[ZBX-12969] Agent user scripts merging stderr with stdout has bad consequences Created: 2017 Nov 01  Updated: 2017 Nov 02  Resolved: 2017 Nov 01

Status: Closed
Project: ZABBIX BUGS AND ISSUES
Component/s: Agent (G)
Affects Version/s: 3.2.7
Fix Version/s: None

Type: Incident report Priority: Major
Reporter: Telford Tendys Assignee: Unassigned
Resolution: Duplicate Votes: 0
Labels: UserParameters, agent, mysql, ping, stderr
Remaining Estimate: Not Specified
Time Spent: Not Specified
Original Estimate: Not Specified
Environment:

CentOS-7 using packaged Zabbix
zabbix-agent-3.2.7-1.el7.x86_64


Attachments: PNG File screenshot-1.png    
Issue Links:
Duplicate
duplicates ZBXNEXT-2410 userparameter_mysql.conf: mysql.ping ... Confirmed
duplicates ZBX-12248 mysql.ping does not detect when mysql... Closed
Story Points: 5

 Description   

The package includes a config file: /etc/zabbix/zabbix_agentd.d/userparameter_mysql.conf

It defines a UserParameter called mysql.ping which makes a good example of why this is so broken.

If MySQL is working properly, the command "mysqladmin ping" will generate the output "mysqld is alive" and pipe over to "grep -c alive" which in turn produces a numeric output "1" sent back on stdout. This is the real output that the Zabbix server is looking for. That's lovely and it gives the sysadmin a nice warm feeling that everything is in good order.

The common template also includes a trigger to report "MySQL server is down" when an output "0" is detected.

Unfortunately, here's what happens when the MySQL server actually does go down: the command "mysqladmin ping" prints a bunch of errors to stderr... hardly surprising since there's a problem. These error messages are merged with the output and sent back to the Zabbix server. They don't look like any sort of number so the server decides no data is available and thus it does not bother to trigger that "MySQL server is down" report and hence nobody gets any notifications.

This is a fundamental flaw with every type of shell command that is defined as UserParameter in any config. We must expect that the entire purpose of a monitoring system is that there will be times when something has gone wrong, therefore any command at any time should be presumed to be sending random values to stderr.
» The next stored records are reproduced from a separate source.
(* Let $g\in L^2(\mathbb{R}^3)$, $\theta\in\mathbb{R}$ and $(u_0,\alpha_0)\in L^2(\mathbb{R}^3)\oplus L^2(\mathbb{R}^3)$. If $(u_\theta,\alpha_\theta)\in C^0(\mathbb{R},L^2\oplus L^2)$ is a solution of $$u_\theta(x)=u_0(x)\exp\Big\{-i\int_0^\theta (A_g)_\tau(x)d\tau\Big\},\qquad \alpha_\theta(k)=\alpha_0(k)-ig(k)\int_0^\theta F(|u_\tau|^2)(k)d\tau,$$ then it is unique: any $(v_\theta,\beta_\theta)\in C^0(\mathbb{R},L^2\oplus L^2)$ satisfying the same system with the same initial datum equals $(u_\theta,\alpha_\theta)$.
   Context: $(A_g)_\tau(x)=\int_{\mathbb{R}^3}\big(g(k)\bar\alpha_\tau(k)e^{-ik\cdot x}+\bar g(k)\alpha_\tau(k)e^{ik\cdot x}\big)dk$ and $F(|u|^2)(k)=\int_{\mathbb{R}^3}e^{-ik\cdot x}|u(x)|^2dx$. *)

theory Defs
  imports "HOL-Analysis.Analysis"
begin

text \<open>Elements of L^2(R^3) are represented by (Lebesgue measurable, square integrable)
  functions R^3 to C; equality in L^2 is equality almost everywhere.\<close>

definition L2 :: "(real^3 \<Rightarrow> complex) set" where
  "L2 = {f. f \<in> borel_measurable lebesgue \<and> integrable lebesgue (\<lambda>x. (cmod (f x))\<^sup>2)}"

definition L2_norm :: "(real^3 \<Rightarrow> complex) \<Rightarrow> real" where
  "L2_norm f = sqrt (integral\<^sup>L lebesgue (\<lambda>x. (cmod (f x))\<^sup>2))"

definition L2_continuous :: "(real \<Rightarrow> real^3 \<Rightarrow> complex) \<Rightarrow> bool" where
  "L2_continuous f \<longleftrightarrow> (\<forall>t. f t \<in> L2) \<and>
     (\<forall>t. ((\<lambda>s. L2_norm (\<lambda>x. f s x - f t x)) \<longlongrightarrow> 0) (at t))"

definition A_field :: "(real^3 \<Rightarrow> complex) \<Rightarrow> (real \<Rightarrow> real^3 \<Rightarrow> complex) \<Rightarrow> real \<Rightarrow> real^3 \<Rightarrow> complex" where
  "A_field g \<alpha> \<tau> x = integral\<^sup>L lebesgue
     (\<lambda>k. g k * cnj (\<alpha> \<tau> k) * exp (- \<i> * of_real (k \<bullet> x)) + cnj (g k) * \<alpha> \<tau> k * exp (\<i> * of_real (k \<bullet> x)))"

definition Fourier :: "(real^3 \<Rightarrow> real) \<Rightarrow> real^3 \<Rightarrow> complex" where
  "Fourier h k = integral\<^sup>L lebesgue (\<lambda>x. exp (- \<i> * of_real (k \<bullet> x)) * of_real (h x))"

definition is_solution ::
  "(real^3 \<Rightarrow> complex) \<Rightarrow> (real^3 \<Rightarrow> complex) \<Rightarrow> (real^3 \<Rightarrow> complex) \<Rightarrow>
   (real \<Rightarrow> real^3 \<Rightarrow> complex) \<Rightarrow> (real \<Rightarrow> real^3 \<Rightarrow> complex) \<Rightarrow> bool" where
  "is_solution g u0 \<alpha>0 u \<alpha> \<longleftrightarrow>
     (\<forall>\<theta>::real. AE x in lebesgue. u \<theta> x = u0 x *
        exp (- \<i> * interval_lebesgue_integral lborel (ereal 0) (ereal \<theta>) (\<lambda>\<tau>. A_field g \<alpha> \<tau> x))) \<and>
     (\<forall>\<theta>::real. AE k in lebesgue. \<alpha> \<theta> k = \<alpha>0 k -
        \<i> * g k * interval_lebesgue_integral lborel (ereal 0) (ereal \<theta>)
          (\<lambda>\<tau>. Fourier (\<lambda>x. (cmod (u \<tau> x))\<^sup>2) k))"

end

theory Submission
  imports Defs
begin

text \<open>The vector potential is real, so the first equation only rotates the phase of \<open>u\<^sub>0\<close>:
  every solution has \<open>|u\<^sub>\<theta>| = |u\<^sub>0|\<close> almost everywhere. Hence the source term
  \<open>F(|u\<^sub>\<tau>|\<^sup>2)\<close> of the second equation equals \<open>F(|u\<^sub>0|\<^sup>2)\<close>, so the second equation gives
  \<open>\<alpha>\<^sub>\<theta>\<close> explicitly in terms of the data, and then the first equation gives \<open>u\<^sub>\<theta>\<close>.\<close>

lemma A_field_real: "A_field g a t x = complex_of_real (Re (A_field g a t x))"
proof -
  have integrand_real:
    "g k * cnj (a t k) * exp (- \<i> * of_real (k \<bullet> x)) + cnj (g k) * a t k * exp (\<i> * of_real (k \<bullet> x))
     = complex_of_real (2 * Re (g k * cnj (a t k) * exp (- \<i> * of_real (k \<bullet> x))))" for k
  proof -
    let ?z = "g k * cnj (a t k) * exp (- \<i> * of_real (k \<bullet> x))"
    have "cnj (exp (- \<i> * of_real (k \<bullet> x))) = exp (\<i> * of_real (k \<bullet> x))"
      by (simp add: exp_cnj)
    then have "cnj ?z = cnj (g k) * a t k * exp (\<i> * of_real (k \<bullet> x))"
      by (simp only: complex_cnj_mult complex_cnj_cnj)
    then show ?thesis
      by (metis complex_add_cnj)
  qed
  show ?thesis
    unfolding A_field_def integrand_real integral_complex_of_real by simp
qed

lemma norm_exp_minus_i_interval_integral_real:
  fixes f :: "real \<Rightarrow> complex"
  assumes "\<And>t. f t = complex_of_real (Re (f t))"
  shows "cmod (exp (- \<i> * interval_lebesgue_integral M a b f)) = 1"
proof -
  have "f = (\<lambda>t. complex_of_real (Re (f t)))"
    using assms by (rule ext)
  then have "interval_lebesgue_integral M a b f
      = complex_of_real (interval_lebesgue_integral M a b (\<lambda>t. Re (f t)))"
    by (metis interval_lebesgue_integral_of_real)
  then show ?thesis by simp
qed

lemma is_solution_cmod_AE:
  assumes "is_solution g u0 \<alpha>0 u \<alpha>"
  shows "AE x in lebesgue. cmod (u \<theta> x) = cmod (u0 x)"
proof -
  have "AE x in lebesgue. u \<theta> x = u0 x *
      exp (- \<i> * interval_lebesgue_integral lborel (ereal 0) (ereal \<theta>) (\<lambda>\<tau>. A_field g \<alpha> \<tau> x))"
    using assms by (simp add: is_solution_def)
  then show ?thesis
    by eventually_elim
      (simp only: norm_mult norm_exp_minus_i_interval_integral_real[OF A_field_real] mult_1_right)
qed

lemma borel_measurable_lebesgue_ident [measurable]:
  "(\<lambda>x::'a::euclidean_space. x) \<in> borel_measurable lebesgue"
  using id_borel_measurable_lebesgue by (simp add: id_def)

lemma borel_measurable_cnj [measurable]:
  "f \<in> borel_measurable M \<Longrightarrow> (\<lambda>x. cnj (f x)) \<in> borel_measurable M"
  by (rule borel_measurable_continuous_on[OF continuous_on_cnj[OF continuous_on_id]])

lemma Fourier_cong_AE:
  assumes "h \<in> borel_measurable lebesgue" and "h' \<in> borel_measurable lebesgue"
    and "AE x in lebesgue. h x = h' x"
  shows "Fourier h k = Fourier h' k"
  unfolding Fourier_def
proof (rule integral_cong_AE)
  show "(\<lambda>x. exp (- \<i> * of_real (k \<bullet> x)) * of_real (h x)) \<in> borel_measurable lebesgue"
    and "(\<lambda>x. exp (- \<i> * of_real (k \<bullet> x)) * of_real (h' x)) \<in> borel_measurable lebesgue"
    using assms(1,2) by measurable
  show "AE x in lebesgue. exp (- \<i> * of_real (k \<bullet> x)) * of_real (h x)
      = exp (- \<i> * of_real (k \<bullet> x)) * of_real (h' x)"
    using assms(3) by eventually_elim simp
qed

lemma is_solution_Fourier_density:
  assumes "is_solution g u0 \<alpha>0 u \<alpha>"
    and "u \<tau> \<in> borel_measurable lebesgue" and "u0 \<in> borel_measurable lebesgue"
  shows "Fourier (\<lambda>x. (cmod (u \<tau> x))\<^sup>2) k = Fourier (\<lambda>x. (cmod (u0 x))\<^sup>2) k"
proof (rule Fourier_cong_AE)
  show "(\<lambda>x. (cmod (u \<tau> x))\<^sup>2) \<in> borel_measurable lebesgue"
    and "(\<lambda>x. (cmod (u0 x))\<^sup>2) \<in> borel_measurable lebesgue"
    using assms(2,3) by measurable
  show "AE x in lebesgue. (cmod (u \<tau> x))\<^sup>2 = (cmod (u0 x))\<^sup>2"
    using is_solution_cmod_AE[OF assms(1)] by eventually_elim simp
qed

lemma is_solution_field_explicit:
  assumes "is_solution g u0 \<alpha>0 u \<alpha>"
    and "\<And>\<tau>. u \<tau> \<in> borel_measurable lebesgue" and "u0 \<in> borel_measurable lebesgue"
  shows "AE k in lebesgue. \<alpha> \<theta> k = \<alpha>0 k -
    \<i> * g k * interval_lebesgue_integral lborel (ereal 0) (ereal \<theta>)
      (\<lambda>\<tau>. Fourier (\<lambda>x. (cmod (u0 x))\<^sup>2) k)"
  using assms(1) is_solution_Fourier_density[OF assms(1,2,3)]
  by (simp add: is_solution_def)

lemma A_field_cong_AE:
  assumes "g \<in> borel_measurable lebesgue"
    and "a \<tau> \<in> borel_measurable lebesgue" and "b \<tau> \<in> borel_measurable lebesgue"
    and "AE k in lebesgue. a \<tau> k = b \<tau> k"
  shows "A_field g a \<tau> x = A_field g b \<tau> x"
  unfolding A_field_def
proof (rule integral_cong_AE)
  show "(\<lambda>k. g k * cnj (a \<tau> k) * exp (- \<i> * of_real (k \<bullet> x))
      + cnj (g k) * a \<tau> k * exp (\<i> * of_real (k \<bullet> x))) \<in> borel_measurable lebesgue"
    and "(\<lambda>k. g k * cnj (b \<tau> k) * exp (- \<i> * of_real (k \<bullet> x))
      + cnj (g k) * b \<tau> k * exp (\<i> * of_real (k \<bullet> x))) \<in> borel_measurable lebesgue"
    using assms(1,2,3) by measurable
  show "AE k in lebesgue. g k * cnj (a \<tau> k) * exp (- \<i> * of_real (k \<bullet> x))
      + cnj (g k) * a \<tau> k * exp (\<i> * of_real (k \<bullet> x))
    = g k * cnj (b \<tau> k) * exp (- \<i> * of_real (k \<bullet> x))
      + cnj (g k) * b \<tau> k * exp (\<i> * of_real (k \<bullet> x))"
    using assms(4) by eventually_elim simp
qed

lemma L2_continuous_measurable: "L2_continuous f \<Longrightarrow> f t \<in> borel_measurable lebesgue"
  by (simp add: L2_continuous_def L2_def)

theorem proposition3:
  fixes g u0 \<alpha>0 :: "real^3 \<Rightarrow> complex"
    and u \<alpha> v \<beta> :: "real \<Rightarrow> real^3 \<Rightarrow> complex"
  assumes "g \<in> L2" and "u0 \<in> L2" and "\<alpha>0 \<in> L2"
    and "L2_continuous u" and "L2_continuous \<alpha>" and "is_solution g u0 \<alpha>0 u \<alpha>"
    and "L2_continuous v" and "L2_continuous \<beta>" and "is_solution g u0 \<alpha>0 v \<beta>"
  shows "\<forall>\<theta>::real. (AE x in lebesgue. v \<theta> x = u \<theta> x) \<and> (AE k in lebesgue. \<beta> \<theta> k = \<alpha> \<theta> k)"
proof (intro allI conjI)
  fix \<theta> :: real
  have g_meas: "g \<in> borel_measurable lebesgue" and u0_meas: "u0 \<in> borel_measurable lebesgue"
    using assms(1,2) by (simp_all add: L2_def)
  have fields_eq: "AE k in lebesgue. \<beta> \<tau> k = \<alpha> \<tau> k" for \<tau>
    using is_solution_field_explicit[OF assms(6) L2_continuous_measurable[OF assms(4)] u0_meas,
        where \<theta> = \<tau>]
      is_solution_field_explicit[OF assms(9) L2_continuous_measurable[OF assms(7)] u0_meas,
        where \<theta> = \<tau>]
    by eventually_elim simp
  then show "AE k in lebesgue. \<beta> \<theta> k = \<alpha> \<theta> k" .
  have potentials_eq: "A_field g \<beta> \<tau> x = A_field g \<alpha> \<tau> x" for \<tau> x
    using A_field_cong_AE[OF g_meas L2_continuous_measurable[OF assms(8)]
        L2_continuous_measurable[OF assms(5)] fields_eq] .
  have "AE x in lebesgue. u \<theta> x = u0 x *
      exp (- \<i> * interval_lebesgue_integral lborel (ereal 0) (ereal \<theta>) (\<lambda>\<tau>. A_field g \<alpha> \<tau> x))"
    and "AE x in lebesgue. v \<theta> x = u0 x *
      exp (- \<i> * interval_lebesgue_integral lborel (ereal 0) (ereal \<theta>) (\<lambda>\<tau>. A_field g \<beta> \<tau> x))"
    using assms(6,9) by (simp_all add: is_solution_def)
  then show "AE x in lebesgue. v \<theta> x = u \<theta> x"
    by eventually_elim (simp add: potentials_eq)
qed

end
These random values might be understood by a human, but they cannot be sent to the Zabbix server if we want any confidence in our alert reporting. Thus, potentially all UserParameter scripts are broken (including the examples provided as part of the standard package) unless someone edits the script to redirect stderr off to /dev/null or possibly to some logfile elsewhere.

Steps to reproduce:

  1. Just use the out of the box configuration if you want to test.
  2. Get your MySQL server monitoring, then try shutting down the server and see if you get an alert.

Result:

  1. No alert gets sent.
  2. Zabbix "Monitoring / Latest Data" page shows that it does not find the numeric value it is expecting.

NOTE:
The exact flush sequence of stderr and stdout is not guaranteed when merging the output streams, especially when we have a shell command consisting of multiple operations piped each to the next (which happens very often). Different system libraries might send stdout first in some cases or might send stderr first.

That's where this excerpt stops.